The dwarf began speaking, and the surge of adrenaline faded away into nothingness.
“Trust be not so easily given, human. You and you alone will be taking me to see these wounded, and if your story be true, then perhaps you will be living out this day. We have met many of your kind over the years. Few have lived past that meeting. You will be leaving your warriors here with my soldiers.”
“I will take you and five of your warriors,” Eric said. He recognized the wisdom and the test hidden in the dverger leader’s words. “I will go unarmed as a gesture of good faith.”
Eric stepped forward without waiting for an answer and pulled the hammer from his belt and presented it to the dverger king before any of them could react. The metal was surprisingly hot and seemed to thrum in his hands.
“I dare not take it, human.” The dverger took a step backwards and gave a slight bow toward the weapon, as if in respect. He gestured towards the five closest dvergers, who fell in around him.
“Don’t be a fool, Eric!” Roberts said. “They’ll kill you as soon as you’re out of sight.” He raised his gun and leveled it at the dverger king.
Eric’s temper flared, hot and sharp. Roberts had caused this whole mess by killing the two dvergers in the first place. If he kept on the way he was going, a lot more people were going to die. Eric knew that despite the dverger king’s outwardly calm demeanor, there was a raging storm of anger hidden just beneath the surface. He could see it in the dverger’s smoldering, hard eyes. There was no nobility in the face of vengeance.
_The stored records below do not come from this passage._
lemma is_bop_wshift:
  assumes "\<And>n. \<bar>w n\<bar> \<le> C" shows "is_bop (wshift w)"
  unfolding is_bop_def
proof (intro conjI ballI allI impI)
  fix x y a b assume "x \<in> L2" "y \<in> L2"
  then show "wshift w (\<lambda>n. a * x n + b * y n) = (\<lambda>n. a * wshift w x n + b * wshift w y n)"
    using L2_lincomb by (auto simp: wshift_def algebra_simps split: nat.split)
next
  have "l2norm (wshift w x) = l2norm (diag_op w x)" if "x \<in> L2" for x
    using l2norm_shift_right[OF diag_op_L2[of x w C]] that assms by (simp add: wshift_def diag_op_def)
  then show "\<exists>C. \<forall>x\<in>L2. l2norm (wshift w x) \<le> C * l2norm x"
    using l2norm_diag_op_le[of _ w C] assms by auto
qed (use assms wshift_L2 in \<open>auto simp: wshift_def\<close>)

lemma is_bop_bshift:
  assumes "\<And>n. \<bar>w n\<bar> \<le> C" shows "is_bop (bshift w)"
  unfolding is_bop_def
proof (intro conjI ballI allI impI)
  fix x assume "x \<in> L2"
  then show "bshift w x \<in> L2"
    using diag_op_L2[OF L2_shift_left, of x w C] assms by (simp add: bshift_def diag_op_def L2_shift_left)
next
  fix x y a b assume "x \<in> L2" "y \<in> L2"
  then show "bshift w (\<lambda>n. a * x n + b * y n) = (\<lambda>n. a * bshift w x n + b * bshift w y n)"
    using L2_lincomb by (simp add: bshift_def algebra_simps)
next
  have C: "0 \<le> C" using assms[of 0] by linarith
  have "l2norm (bshift w x) \<le> C * l2norm x" if x: "x \<in> L2" for x
  proof -
    have "l2norm (bshift w x) = l2norm (diag_op w (\<lambda>n. x (Suc n)))"
      using x L2_shift_left[OF x] by (simp add: bshift_def diag_op_def)
    also have "\<dots> \<le> C * l2norm (\<lambda>n. x (Suc n))" using l2norm_diag_op_le[OF L2_shift_left[OF x], of w C] assms by blast
    also have "\<dots> \<le> C * l2norm x" using l2norm_shift_left_le[OF x] C by (rule mult_left_mono)
    finally show ?thesis .
  qed
  then show "\<exists>C. \<forall>x\<in>L2. l2norm (bshift w x) \<le> C * l2norm x" by blast
qed (simp add: bshift_def)

lemma l2inner_wshift:
  assumes "\<And>n. \<bar>w n\<bar> \<le> C" "x \<in> L2" "y \<in> L2"
  shows "l2inner (wshift w x) y = l2inner x (bshift w y)"
proof -
  have "summable (\<lambda>n. wshift w x n * cnj (y n))"
    using summable_l2inner[OF wshift_L2[of x w C] assms(3)] assms(1,2) by blast
  then have "l2inner (wshift w x) y = (\<Sum>n. wshift w x (Suc n) * cnj (y (Suc n)))"
    unfolding l2inner_def by (subst suminf_split_head) simp_all
  also have "\<dots> = l2inner x (bshift w y)"
    using assms(2,3) by (simp add: l2inner_def wshift_Suc bshift_def mult_ac)
  finally show ?thesis .
qed

lemma adj_wshift:
  assumes "\<And>n. \<bar>w n\<bar> \<le> C" shows "adj (wshift w) = bshift w"
  unfolding adj_def
proof (rule the_equality)
  show "is_bop (bshift w) \<and> (\<forall>x\<in>L2. \<forall>y\<in>L2. l2inner (wshift w x) y = l2inner x (bshift w y))"
    using is_bop_bshift[of w C] l2inner_wshift[of w C] assms by blast
next
  fix S assume S: "is_bop S \<and> (\<forall>x\<in>L2. \<forall>y\<in>L2. l2inner (wshift w x) y = l2inner x (S y))"
  show "S = bshift w"
  proof
    fix y show "S y = bshift w y"
    proof (cases "y \<in> L2")
      case False then show ?thesis using S by (simp add: is_bop_outside_L2 bshift_def)
    next
      case True
      have "cnj (S y n) = cnj (bshift w y n)" for n
        using S l2inner_wshift[of w C, OF _ L2_unit_vec True] assms L2_unit_vec True
        by (metis l2inner_unit_vec)
      then show ?thesis by (simp add: fun_eq_iff)
    qed
  qed
qed

lemma wshift_funpow:
  assumes "x \<in> L2" "\<And>n. \<bar>w n\<bar> \<le> C"
  shows "(wshift w ^^ k) x = (\<lambda>n. if k \<le> n then complex_of_real (\<Prod>i\<in>{n-k..<n}. w i) * x (n-k) else 0)"
proof (induction k)
  case (Suc k)
  have L: "(wshift w ^^ k) x \<in> L2" using is_bop_funpow_L2[OF is_bop_wshift[of w C] assms(1)] assms(2) by blast
  show ?case
  proof
    fix n show "(wshift w ^^ Suc k) x n
      = (if Suc k \<le> n then complex_of_real (\<Prod>i\<in>{n - Suc k..<n}. w i) * x (n - Suc k) else 0)"
    proof (cases n)
      case (Suc m)
      have "k \<le> m \<Longrightarrow> (\<Prod>i\<in>{m-k..<Suc m}. w i) = w m * (\<Prod>i\<in>{m-k..<m}. w i)"
        by (subst prod.atLeastLessThan_Suc) auto
      then show ?thesis using Suc L by (auto simp: wshift_Suc Suc.IH)
    qed simp
  qed
qed simp

lemma wshift_funpow_l2norm_sums:
  assumes "x \<in> L2" "\<And>n. \<bar>w n\<bar> \<le> C"
  shows "(\<lambda>j. (\<Prod>i\<in>{j..<j+k}. w i)\<^sup>2 * (cmod (x j))\<^sup>2) sums (l2norm ((wshift w ^^ k) x))\<^sup>2"
proof -
  define g where "g = (\<lambda>n. (cmod ((wshift w ^^ k) x n))\<^sup>2)"
  have "summable g"
    using is_bop_funpow_L2[OF is_bop_wshift[of w C] assms(1)] assms(2) by (simp add: L2_def g_def)
  moreover have "(\<Sum>i<k. g i) = 0" by (simp add: g_def wshift_funpow[OF assms])
  ultimately have "(\<lambda>i. g (i + k)) sums (suminf g)"
    using sums_iff_shift[of g k "suminf g"] summable_sums by fastforce
  moreover have "g (j + k) = (\<Prod>i\<in>{j..<j+k}. w i)\<^sup>2 * (cmod (x j))\<^sup>2" for j
    by (simp add: g_def wshift_funpow[OF assms] norm_mult power_mult_distrib del: of_real_prod)
  moreover have "suminf g = (l2norm ((wshift w ^^ k) x))\<^sup>2"
    using suminf_nonneg[OF \<open>summable g\<close>] by (simp add: l2norm_def g_def)
  ultimately show ?thesis by simp
qed

lemma diag_op_funpow:
  assumes "x \<in> L2" "\<And>n. \<bar>d n\<bar> \<le> C"
  shows "(diag_op d ^^ i) x = (\<lambda>n. complex_of_real (d n ^ i) * x n)"
proof (induction i)
  case (Suc i)
  have "(diag_op d ^^ i) x \<in> L2"
    using is_bop_funpow_L2[OF is_bop_diag_op[of d C] assms(1)] assms(2) by blast
  then have "(diag_op d ^^ Suc i) x = (\<lambda>n. complex_of_real (d n) * (diag_op d ^^ i) x n)"
    by (simp add: diag_op_def)
  then show ?case by (simp add: Suc.IH mult_ac)
qed simp

lemma poly_op_diag_op:
  assumes "x \<in> L2" "\<And>n. \<bar>d n\<bar> \<le> C"
  shows "poly_op p (diag_op d) x = diag_op (\<lambda>n. poly p (d n)) x"
proof -
  have "poly_op p (diag_op d) x = (\<lambda>n. \<Sum>i\<le>degree p. complex_of_real (coeff p i * d n ^ i) * x n)"
    unfolding poly_op_def diag_op_funpow[OF assms] by (simp add: mult.assoc)
  also have "\<dots> = diag_op (\<lambda>n. poly p (d n)) x"
    using assms(1) by (simp add: diag_op_def poly_altdef sum_distrib_right)
  finally show ?thesis .
qed

lemma uniform_polynomial_approximation:
  assumes "continuous_on {a..b} f"
  obtains p :: "nat \<Rightarrow> real poly"
    where "uniform_limit {a..b} (\<lambda>k t. poly (p k) t) f sequentially"
proof -
  have "\<exists>q. \<forall>t\<in>{a..b}. \<bar>f t - poly q t\<bar> < 1 / (real k + 1)" for k :: nat
  proof -
    obtain g where g: "real_polynomial_function g" "\<And>t. t \<in> {a..b} \<Longrightarrow> \<bar>f t - g t\<bar> < 1 / (real k + 1)"
      using Stone_Weierstrass_real_polynomial_function[OF compact_Icc assms, of "1 / (real k + 1)"]
      by auto
    obtain c n where "g = (\<lambda>t. \<Sum>i\<le>n. c i * t ^ i)"
      using real_polynomial_function_imp_sum[OF g(1)] by blast
    then have "poly (\<Sum>i\<le>n. monom (c i) i) t = g t" for t
      by (simp add: poly_sum poly_monom)
    then show ?thesis using g(2) by metis
  qed
  then obtain p where p: "\<And>k t. t \<in> {a..b} \<Longrightarrow> \<bar>f t - poly (p k) t\<bar> < 1 / (real k + 1)"
    by metis
  have "uniform_limit {a..b} (\<lambda>k t. poly (p k) t) f sequentially"
    unfolding uniform_limit_sequentially_iff
  proof (intro allI impI)
    fix e :: real assume "0 < e"
    then obtain N :: nat where N: "0 < N" "inverse (real N) < e"
      using ex_inverse_of_nat_less by blast
    have "\<bar>f t - poly (p k) t\<bar> < e" if "N \<le> k" "t \<in> {a..b}" for k t
    proof -
      have "1 / (real k + 1) \<le> inverse (real N)" using that N(1) by (simp add: field_simps)
      then show ?thesis using p[OF that(2), of k] N(2) by linarith
    qed
    then show "\<exists>N. \<forall>k\<ge>N. \<forall>t\<in>{a..b}. dist (poly (p k) t) (f t) < e"
      by (metis dist_real_def abs_minus_commute)
  qed
  then show thesis by (rule that)
qed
“Put the gun away, Roberts.” Eric turned to face the man, his frustration evident in both his voice and his posture.
“This is madness.”
“Put it away.”
Eric stepped forward slowly, deliberately. He stopped only inches away from the muzzle of Roberts’s gun. Roberts held his defiant posture for a long moment, though his expression was one of confused surprise. Eric’s patience, already stretched thin, broke beneath another sudden flare of temper. He dropped the hammer to the ground with a sharp, metallic ring and his right hand came up and wrapped around the muzzle of Roberts’s gun, jerking it out of the man’s hands. Eric’s left hand grabbed a fistful of Roberts’s shirt and pulled the man forward so they were nose to nose.
“I should hand you over to the dverger right now,” he whispered in a voice that only he and Roberts could hear. “I’m sure they’d be glad to rid me of your constant stupidity.’”
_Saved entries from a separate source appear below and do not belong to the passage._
lemma supporting_lineI:
  assumes "a \<noteq> 0" "\<And>x. x \<in> C \<Longrightarrow> a \<bullet> x \<le> a \<bullet> p" "p \<in> closure C"
  shows "supporting_line {x. a \<bullet> x = a \<bullet> p} C"
  unfolding supporting_line_def using assms by blast

lemma interior_below_support:
  fixes K :: "'a::euclidean_space set"
  assumes "a \<noteq> 0" "\<And>x. x \<in> K \<Longrightarrow> a \<bullet> x \<le> \<beta>" "x \<in> interior K"
  shows "a \<bullet> x < \<beta>"
proof -
  have "interior K \<subseteq> interior {x. a \<bullet> x \<le> \<beta>}" using assms(2) by (intro interior_mono) auto
  with assms(1,3) show ?thesis by auto
qed

lemma frontier_component_diff_subset_frontier:
  fixes C S :: "'a::real_normed_vector set"
  assumes "closed S" "w \<in> components (interior C - S)"
  shows "frontier w - S \<subseteq> frontier C"
proof -
  have "open (interior C - S)" using \<open>closed S\<close> by (simp add: open_Diff)
  moreover have "closure (interior C - S) \<subseteq> closure C"
    using interior_subset by (intro closure_mono) blast
  ultimately show ?thesis
    using frontier_of_components_subset[OF assms(2)] by (auto simp: frontier_def interior_open)
qed

lemma closed_segment_along_direction:
  fixes p u :: "'a::real_vector"
  assumes "l \<le> h"
  shows "closed_segment (p + l *\<^sub>R u) (p + h *\<^sub>R u) = (\<lambda>s. p + s *\<^sub>R u) ` {l..h}"
proof -
  have "closed_segment (l *\<^sub>R u) (h *\<^sub>R u) = (\<lambda>s. s *\<^sub>R u) ` closed_segment l h"
    by (rule closed_segment_linear_image) (rule linear_scaleR_left)
  then show ?thesis
    using assms by (simp add: closed_segment_translation closed_segment_eq_real_ivl image_image)
qed

lemma closed_real_gap_around:
  fixes I :: "real set"
  assumes "closed I" "x \<notin> I" "\<exists>s\<in>I. s < x" "\<exists>s\<in>I. x < s"
  obtains l h where "l \<in> I" "h \<in> I" "l < x" "x < h" "{l<..<h} \<inter> I = {}"
proof
  define l where "l = Sup (I \<inter> {..x})"
  define h where "h = Inf (I \<inter> {x..})"
  have ne: "I \<inter> {..x} \<noteq> {}" "I \<inter> {x..} \<noteq> {}" using assms(3,4) by force+
  have bdd: "bdd_above (I \<inter> {..x})" "bdd_below (I \<inter> {x..})"
    by (auto intro: bdd_aboveI[of _ x] bdd_belowI[of _ x])
  have "l \<in> I \<inter> {..x}" unfolding l_def
    by (intro closed_contains_Sup ne bdd closed_Int assms(1) closed_atMost)
  then show "l \<in> I" "l < x" using assms(2) by (auto simp: le_less)
  have "h \<in> I \<inter> {x..}" unfolding h_def
    by (intro closed_contains_Inf ne bdd closed_Int assms(1) closed_atLeast)
  then show "h \<in> I" "x < h" using assms(2) by (auto simp: le_less)
  show "{l<..<h} \<inter> I = {}"
  proof (rule ccontr)
    assume "{l<..<h} \<inter> I \<noteq> {}"
    then obtain s where s: "s \<in> I" "l < s" "s < h" by auto
    show False
    proof (cases "s \<le> x")
      case True
      then have "s \<le> l" unfolding l_def using s(1) bdd(1) by (intro cSup_upper) auto
      with s(2) show False by simp
    next
      case False
      then have "h \<le> s" unfolding h_def using s(1) bdd(2) by (intro cInf_lower) auto
      with s(3) show False by simp
    qed
  qed
qed

lemma closure_convex_hull_meets_halfspace:
  fixes S :: "'a::real_inner set"
  assumes "p \<in> closure (convex hull S)" "\<beta> < c \<bullet> p"
  shows "\<exists>z\<in>S. \<beta> < c \<bullet> z"
proof (rule ccontr)
  assume "\<not> ?thesis"
  then have "S \<subseteq> {z. c \<bullet> z \<le> \<beta>}" by (auto simp: not_less)
  then have "closure (convex hull S) \<subseteq> {z. c \<bullet> z \<le> \<beta>}"
    by (intro closure_minimal hull_minimal convex_halfspace_le closed_halfspace_le)
  with assms show False by auto
qed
For a moment, Eric almost considered it. Having spoken the words, though, Eric immediately dismissed them. He wasn’t a vengeful person by nature. What had overcome him?
Eric shoved Roberts away with a contemptuous flick of his wrist and turned back to where the dverger king and his guards silently waited, watching the exchange without comment. Their eyes, larger and rounder than human eyes, glowed in the semi-darkness, glistening like jewels ensconced in stone.